___ Task data

lemma aff_module_projection:
  assumes T: "subspace T" "T \<subseteq> A" and p_in: "\<And>u. u \<in> A \<Longrightarrow> p u \<in> T"
    and p_add: "\<And>u v. u \<in> A \<Longrightarrow> v \<in> A \<Longrightarrow> p (u + v) = p u + p v"
    and p_scale: "\<And>c u. u \<in> A \<Longrightarrow> p (scale c u) = scale c (p u)"
    and p_act_p: "\<And>x u. u \<in> A \<Longrightarrow> p (\<rho> x (p u)) = p (\<rho> x u)"
  shows "aff_module scale T (\<lambda>x t. p (\<rho> x t))"
proof -
  have p_zero: "p 0 = 0" using p_scale[of 0 0] by simp
  have p_neg: "p (- u) = - p u" if "u \<in> A" for u using p_scale[OF that, of "-1"] by simp
  have p_diff_distrib: "p (u - v) = p u - p v" if "u \<in> A" "v \<in> A" for u v
    using p_add[of "u - v" v] that by (simp add: eq_diff_eq)
  have T_A: "t \<in> A" if "t \<in> T" for t using that T(2) by blast
  note p_simps = p_act_p p_add p_diff_distrib p_scale p_zero p_neg
  show ?thesis
  proof (rule aff_moduleI, goal_cases)
    case 1 show ?case by (fact T(1))
  next
    case (2 x v) then show ?case using T_A p_in by simp
  next
    case (3 x u v) then show ?case using T_A p_add by simp
  next
    case (4 x c v) then show ?case using T_A p_scale by simp
  next
    case (5 v m n) then have "v \<in> A" by (rule T_A)
    then show ?case by (cases "m + n = 0") (simp_all add: p_simps comm_Jp_Jm)
  next
    case (6 v m n) then have "v \<in> A" by (rule T_A)
    then show ?case by (simp add: p_simps comm_J0_Jp)
  next
    case (7 v m n) then have "v \<in> A" by (rule T_A)
    then show ?case by (simp add: p_simps comm_J0_Jm)
  next
    case (8 v m n) then have "v \<in> A" by (rule T_A)
    then show ?case by (cases "m + n = 0") (simp_all add: p_simps comm_J0_J0[of v m n])
  next
    case (9 v m n) then have "v \<in> A" by (rule T_A)
    then show ?case by (simp add: p_simps comm_Jp_Jp[of v m n])
  next
    case (10 v m n) then have "v \<in> A" by (rule T_A)
    then show ?case by (simp add: p_simps comm_Jm_Jm[of v m n])
  next
    case (11 v n) then have "v \<in> A" by (rule T_A)
    then show ?case by (simp add: p_simps comm_Dd_Jp)
  next
    case (12 v n) then have "v \<in> A" by (rule T_A)
    then show ?case by (simp add: p_simps comm_Dd_Jm)
  next
    case (13 v n) then have "v \<in> A" by (rule T_A)
    then show ?case by (simp add: p_simps comm_Dd_J0)
  next
    case (14 v x) then have "v \<in> A" by (rule T_A)
    then show ?case by (simp add: p_simps comm_Kc)
  qed
qed
theorem lemma3p6:
  fixes \<Omega> :: "'a::euclidean_space set" and f :: "'a \<Rightarrow> real" and p :: real
    and k :: nat and x :: "nat \<Rightarrow> 'a" and h :: "nat \<Rightarrow> real \<Rightarrow> real"
    and A B :: "nat \<Rightarrow> 'a set"
  assumes \<Omega>_borel: "\<Omega> \<in> sets borel" and \<Omega>_bdd: "bounded \<Omega>"
    and f_nonneg: "\<forall>y\<in>\<Omega>. f y \<ge> 0"
    and f_int: "set_integrable lebesgue \<Omega> f"
    and f_one: "(LINT y:\<Omega>|lebesgue. f y) = 1"
    and p: "p \<ge> 1"
    and x_in: "\<forall>i<k. x i \<in> \<Omega>"
    and h_nonneg: "\<forall>i<k. \<forall>t\<in>{0..1}. h i t \<ge> 0"
    and h_diff: "\<forall>i<k. \<forall>t\<in>{0<..1}. h i differentiable (at t within {0<..1})"
    and h_cont0: "\<forall>i<k. continuous (at 0 within {0..1}) (h i)"
    and h_convex: "\<forall>i<k. convex_on {0..1} (\<lambda>t. t * h i t)"
    and A_part: "f_partition \<Omega> f k A"
    and A_eq: "\<forall>i<k. f_sym_negligible \<Omega> f (A i)
                 {y\<in>\<Omega>. \<forall>j<k. j \<noteq> i \<longrightarrow>
                    norm (y - x i) powr p + marg (h i) (mass \<Omega> f (A i))
                    < norm (y - x j) powr p + marg (h j) (mass \<Omega> f (A j))}"
    and B_part: "f_partition \<Omega> f k B"
    and B_eq: "\<forall>i<k. f_sym_negligible \<Omega> f (B i)
                 {y\<in>\<Omega>. \<forall>j<k. j \<noteq> i \<longrightarrow>
                    norm (y - x i) powr p + marg (h i) (mass \<Omega> f (B i))
                    < norm (y - x j) powr p + marg (h j) (mass \<Omega> f (B j))}"
  shows "\<forall>i<k. f_sym_negligible \<Omega> f (A i) (B i)"
proof -
  define c where "c = (\<lambda>j y. norm (y - x j) powr p)"
  define wA where "wA = (\<lambda>j. marg (h j) (mass \<Omega> f (A j)))"
  define wB where "wB = (\<lambda>j. marg (h j) (mass \<Omega> f (B j)))"
  have c_meas: "\<forall>j<k. c j \<in> borel_measurable borel"
    unfolding c_def by simp
  have marg_mono: "\<forall>i<k. mono_on {0..1} (marg (h i))"
    using h_diff h_cont0 h_convex by (simp add: marg_mono_on)
  have A_meas: "\<forall>i<k. A i \<in> sets lebesgue" and B_meas: "\<forall>i<k. B i \<in> sets lebesgue"
    using A_part B_part unfolding f_partition_def by simp_all
  have A_cells: "\<forall>i<k. f_sym_negligible \<Omega> f (A i) (laguerre_cell \<Omega> c wA k i)"
    using A_eq unfolding laguerre_cell_def c_def wA_def .
  have B_cells: "\<forall>i<k. f_sym_negligible \<Omega> f (B i) (laguerre_cell \<Omega> c wB k i)"
    using B_eq unfolding laguerre_cell_def c_def wB_def .
  note weights_le = laguerre_weights_le[OF \<Omega>_borel f_nonneg f_int f_one c_meas marg_mono]
  have "\<forall>i<k. wA i \<le> wB i"
    using weights_le[OF A_meas B_meas] A_cells B_cells unfolding wA_def wB_def by simp
  moreover have "\<forall>i<k. wB i \<le> wA i"
    using weights_le[OF B_meas A_meas] A_cells B_cells unfolding wA_def wB_def by simp
  ultimately have same_cells: "\<forall>i<k. laguerre_cell \<Omega> c wA k i = laguerre_cell \<Omega> c wB k i"
    by (simp add: laguerre_cell_cong order_antisym)
  show ?thesis
  proof (intro allI impI)
    fix i assume "i < k"
    then have "laguerre_cell \<Omega> c wA k i \<in> sets lebesgue"
      using laguerre_cell_in_sets[OF \<Omega>_borel c_meas] by simp
    then show "f_sym_negligible \<Omega> f (A i) (B i)"
      using f_sym_negligible_trans[OF \<Omega>_borel f_nonneg f_int] \<open>i < k\<close>
        A_meas B_meas A_cells B_cells same_cells by metis
  qed
qed
(* Let $\mathcal P$ be the set of real polynomials $P\in\mathbb R[X]$ with $\int_0^\infty P(t)e^{-2t}\,dt=1$, and let $\mathcal P_+=\{P\in\mathcal P: P(t)\ge0\ \forall t\ge0\}$. Then for $P\in\mathcal P_+$ the following are equivalent: (i) $P$ is an extreme point of the convex set $\mathcal P_+$; (ii) $P(t)=c\,t^k\prod_{i=1}^{\ell}(t-\lambda_i)^2$ for some $k,\ell\in\mathbb N$, $\lambda_i>0$ for all $i$, and a normalization constant $c>0$.
   Context: An extreme point of a convex set $\mathcal C$ is a point $a\in\mathcal C$ such that $a=\frac12(x+y)$ with $x,y\in\mathcal C$ implies $x=y=a$. *)

theory Defs
  imports "HOL-Analysis.Analysis" "HOL-Computational_Algebra.Polynomial"
begin

definition normPolys :: "real poly set" where
  "normPolys = {P. ((\<lambda>t. poly P t * exp (-2 * t)) has_integral 1) {0..}}"

definition normPolys_pos :: "real poly set" where
  "normPolys_pos = {P \<in> normPolys. \<forall>t\<ge>0. poly P t \<ge> 0}"

definition is_extreme_point :: "real poly set \<Rightarrow> real poly \<Rightarrow> bool" where
  "is_extreme_point C a \<longleftrightarrow> a \<in> C \<and>
     (\<forall>x\<in>C. \<forall>y\<in>C. a = smult (1/2) (x + y) \<longrightarrow> x = a \<and> y = a)"

end

theory Submission
  imports Defs
begin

______

- Problem to solve
From the data above, copy each line that holds "where".

- Exercise result
  define c where "c = (\<lambda>j y. norm (y - x j) powr p)"
  define wA where "wA = (\<lambda>j. marg (h j) (mass \<Omega> f (A j)))"
  define wB where "wB = (\<lambda>j. marg (h j) (mass \<Omega> f (B j)))"
definition normPolys :: "real poly set" where
definition normPolys_pos :: "real poly set" where
definition is_extreme_point :: "real poly set \<Rightarrow> real poly \<Rightarrow> bool" where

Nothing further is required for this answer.